核心概念
Proposing a novel DRAM cache design optimized for GPUs with Storage-Class Memory to overcome memory capacity limitations and improve performance.
摘要
The article discusses the challenges faced by GPUs due to limited memory capacity, especially in critical workloads like deep learning. It introduces a solution using high-capacity Storage-Class Memory (SCM) and DRAM cache to enhance memory capacity and performance. The proposed DRAM cache design considers GPU thread characteristics, SCM properties, and spatial locality to optimize caching efficiency. Additionally, a Configurable Tag Cache (CTC) is suggested to reduce DRAM cache probe traffic.
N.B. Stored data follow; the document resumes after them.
(* There exists a function $\Omega\in L^1(\mathbf S^1)$ with mean value zero such that $\Omega\notin H^1(\mathbf S^1)$ but, for every $\alpha>0$, $$\sup_{\xi\in\mathbf S^{1}}\int_{\mathbf S^{1}}|\Omega(\theta)|\Big(\ln\frac{1}{|\theta\cdot\xi|}\Big)^{1+\alpha}d\theta<\infty.$$
   Context: $H^1(\mathbf S^1)$ denotes the Hardy space on the unit circle in the sense of Coifman and Weiss (equivalently, identifying $\mathbf S^1$ with $[0,1]$ via $x\mapsto(\cos 2\pi x,\sin 2\pi x)$, a mean-zero integrable $\Omega$ lies in $H^1$ iff the Hilbert transform on $\mathbb R$ of the corresponding function on $[0,1]$ extended by zero is integrable). *)

theory Defs
  imports "HOL-Analysis.Analysis"
begin

text \<open>We identify the unit circle with [0,1] via x \<mapsto> (cos 2\<pi>x, sin 2\<pi>x).
  A function on the circle is thus a real function on [0,1].\<close>

definition trunc_hilbert :: "(real \<Rightarrow> real) \<Rightarrow> real \<Rightarrow> real \<Rightarrow> real" where
  "trunc_hilbert f \<epsilon> x = (1 / pi) * (LINT y:{y. \<epsilon> < \<bar>x - y\<bar>}|lborel. f y / (x - y))"

text \<open>Mean-zero integrable \<Omega> on [0,1] belongs to H^1 iff the Hilbert transform on the
  real line of \<Omega> extended by zero (defined a.e. as the principal value limit) is integrable.\<close>
definition in_H1_circle :: "(real \<Rightarrow> real) \<Rightarrow> bool" where
  "in_H1_circle \<Omega> \<longleftrightarrow>
     set_integrable lborel {0..1} \<Omega> \<and> (LINT x:{0..1}|lborel. \<Omega> x) = 0 \<and>
     (\<exists>g. integrable lborel g \<and>
        (AE x in lborel.
           ((\<lambda>\<epsilon>. trunc_hilbert (\<lambda>y. indicator {0..1} y * \<Omega> y) \<epsilon> x) \<longlongrightarrow> g x) (at_right 0)))"

end

theory Submission
  imports Defs
begin

text \<open>
  The function is a sum of layers with disjoint supports. Layer n lives on an interval of
  length l = 2^-(n+1) and consists of N = 2^(4^(n+1)) dipoles h (1[b,b+d] - 1[b+R,b+R+d]),
  spaced l/N apart, with R = l/(4N), d = R/N and h = 4lN. Each layer has mean zero and
  L^1 norm 2l^2, so the sum is integrable with mean zero.

  For the logarithmic condition, ln (1/|cos 2 pi u|)^(1+alpha) is dominated by a multiple
  of |u - z| powr (-1/2) around the nearest zero z of cos (2 pi u), and the bumps of a layer
  are so thin and sparse that the integral of |layer| |x - w| powr (-1/2) is O(l) uniformly
  in w.

  On the other hand, on the window [b - R + d, b - d] just left of a dipole every dipole
  contributes to the Hilbert transform with the same sign, and the dipole at b alone
  contributes at least h d / (2 pi (b + d - x)). Integrating over the window gives
  h d ln (N/2) / (2 pi), and summing over the N dipoles of a layer gives
  l^2 ln (N/2) / (2 pi) >= 3 ln 2 / (8 pi). As there are infinitely many layers, the
  Hilbert transform is not integrable.
\<close>

section \<open>Integrals of the kernel |x - w| powr (-1/2)\<close>

definition inv_sqrt_dist :: "real \<Rightarrow> real \<Rightarrow> ennreal" where
  "inv_sqrt_dist w x = ennreal (\<bar>x - w\<bar> powr (-1/2))"

lemma inv_sqrt_dist_measurable [measurable]: "inv_sqrt_dist w \<in> borel_measurable borel"
  unfolding inv_sqrt_dist_def by measurable

lemma inv_sqrt_dist_antimono:
  "0 < \<bar>s - w\<bar> \<Longrightarrow> \<bar>s - w\<bar> \<le> \<bar>x - w\<bar> \<Longrightarrow> inv_sqrt_dist w x \<le> inv_sqrt_dist w s"
  unfolding inv_sqrt_dist_def by (intro ennreal_leI powr_mono2') auto

lemma nn_integral_powr_neg_half:
  assumes "0 < r"
  shows "(\<integral>\<^sup>+s. indicator {0..r} s * ennreal (s powr (-1/2)) \<partial>lborel) = 2 * sqrt r"
proof -
  have "((\<lambda>s. s powr (-1/2)) has_integral (r powr (-1/2 + 1) / (-1/2 + 1))) {0..r}"
    by (rule has_integral_powr_from_0) (use assms in auto)
  then have "((\<lambda>s. s powr (-1/2)) has_integral (2 * sqrt r)) {0..r}"
    using assms by (simp add: powr_half_sqrt mult.commute)
  from nn_integral_has_integral_lebesgue'[OF _ this]
  have "(\<integral>\<^sup>+s. ennreal (s powr (-1/2)) * indicator {0..r} s \<partial>lborel) = ennreal (2 * sqrt r)"
    by simp
  then show ?thesis
    by (simp add: mult.commute)
qed

lemma nn_integral_inv_sqrt_dist_Icc:
  assumes "0 < r"
  shows "(\<integral>\<^sup>+x. indicator {w-r..w+r} x * inv_sqrt_dist w x \<partial>lborel) \<le> 4 * sqrt r"
proof -
  have side: "(\<integral>\<^sup>+x. indicator J x * inv_sqrt_dist w x \<partial>lborel) = 2 * sqrt r"
    if "J \<in> sets borel" "\<bar>c\<bar> = 1" "\<And>s. w + c * s \<in> J \<longleftrightarrow> s \<in> {0..r}" for c and J :: "real set"
  proof -
    have "(\<integral>\<^sup>+x. indicator J x * inv_sqrt_dist w x \<partial>lborel)
        = (\<integral>\<^sup>+s. indicator J (w + c * s) * inv_sqrt_dist w (w + c * s) \<partial>lborel)"
      using nn_integral_real_affine[of "\<lambda>x. indicator J x * inv_sqrt_dist w x" c w] that(1,2) by auto
    also have "\<dots> = (\<integral>\<^sup>+s. indicator {0..r} s * ennreal (s powr (-1/2)) \<partial>lborel)"
      using that by (intro nn_integral_cong) (auto simp: inv_sqrt_dist_def indicator_def abs_mult)
    finally show ?thesis
      using nn_integral_powr_neg_half[OF assms] by simp
  qed
  have "(\<integral>\<^sup>+x. indicator {w-r..w+r} x * inv_sqrt_dist w x \<partial>lborel)
      \<le> (\<integral>\<^sup>+x. indicator {w-r..w} x * inv_sqrt_dist w x + indicator {w..w+r} x * inv_sqrt_dist w x \<partial>lborel)"
    by (intro nn_integral_mono) (auto simp: indicator_def)
  also have "\<dots> = (\<integral>\<^sup>+x. indicator {w-r..w} x * inv_sqrt_dist w x \<partial>lborel)
                    + (\<integral>\<^sup>+x. indicator {w..w+r} x * inv_sqrt_dist w x \<partial>lborel)"
    by (rule nn_integral_add) auto
  also have "\<dots> = ennreal (2 * sqrt r) + ennreal (2 * sqrt r)"
    using side[of "{w-r..w}" "-1"] side[of "{w..w+r}" 1] by (auto simp: algebra_simps)
  also have "\<dots> = 4 * sqrt r"
    using assms by (subst ennreal_plus[symmetric]) auto
  finally show ?thesis .
qed

lemma nn_integral_inv_sqrt_dist_le:
  assumes "0 < r" "A \<in> sets borel"
  shows "(\<integral>\<^sup>+x. indicator A x * inv_sqrt_dist w x \<partial>lborel)
           \<le> 4 * sqrt r + emeasure lborel A * ennreal (r powr (-1/2))"
proof -
  have "indicator A x * inv_sqrt_dist w x
          \<le> indicator {w-r..w+r} x * inv_sqrt_dist w x + ennreal (r powr (-1/2)) * indicator A x" for x
  proof (cases "\<bar>x - w\<bar> \<le> r")
    case False
    then have "inv_sqrt_dist w x \<le> ennreal (r powr (-1/2))"
      unfolding inv_sqrt_dist_def using assms(1) by (intro ennreal_leI powr_mono2') auto
    then show ?thesis
      by (auto simp: indicator_def)
  qed (auto simp: indicator_def)
  then have "(\<integral>\<^sup>+x. indicator A x * inv_sqrt_dist w x \<partial>lborel)
      \<le> (\<integral>\<^sup>+x. indicator {w-r..w+r} x * inv_sqrt_dist w x + ennreal (r powr (-1/2)) * indicator A x \<partial>lborel)"
    by (intro nn_integral_mono)
  also have "\<dots> = (\<integral>\<^sup>+x. indicator {w-r..w+r} x * inv_sqrt_dist w x \<partial>lborel)
                    + ennreal (r powr (-1/2)) * emeasure lborel A"
    using assms(2) by (subst nn_integral_add) (auto simp: nn_integral_cmult_indicator)
  also have "\<dots> \<le> 4 * sqrt r + emeasure lborel A * ennreal (r powr (-1/2))"
    using nn_integral_inv_sqrt_dist_Icc[OF assms(1), of w] by (simp add: mult.commute add_right_mono)
  finally show ?thesis .
qed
Power management techniques are also proposed to address SCM's power consumption and thermal issues.
統計資料
Compared to HBM, the HMS improves performance by up to 12.5× (2.9× overall) and reduces energy by up to 89.3% (48.1% overall).
Techniques proposed reduce DRAM cache probe and SCM write traffic by 91-93% and 57-75%, respectively.
引述
"Our proposed GPU memory system can overcome the limited memory capacity and resulting performance degradation from oversubscription of DRAM-only GPUs."
"We propose simple techniques to mitigate SCM’s power consumption and performance impact by adjusting the operation modes of the SCM and DRAM."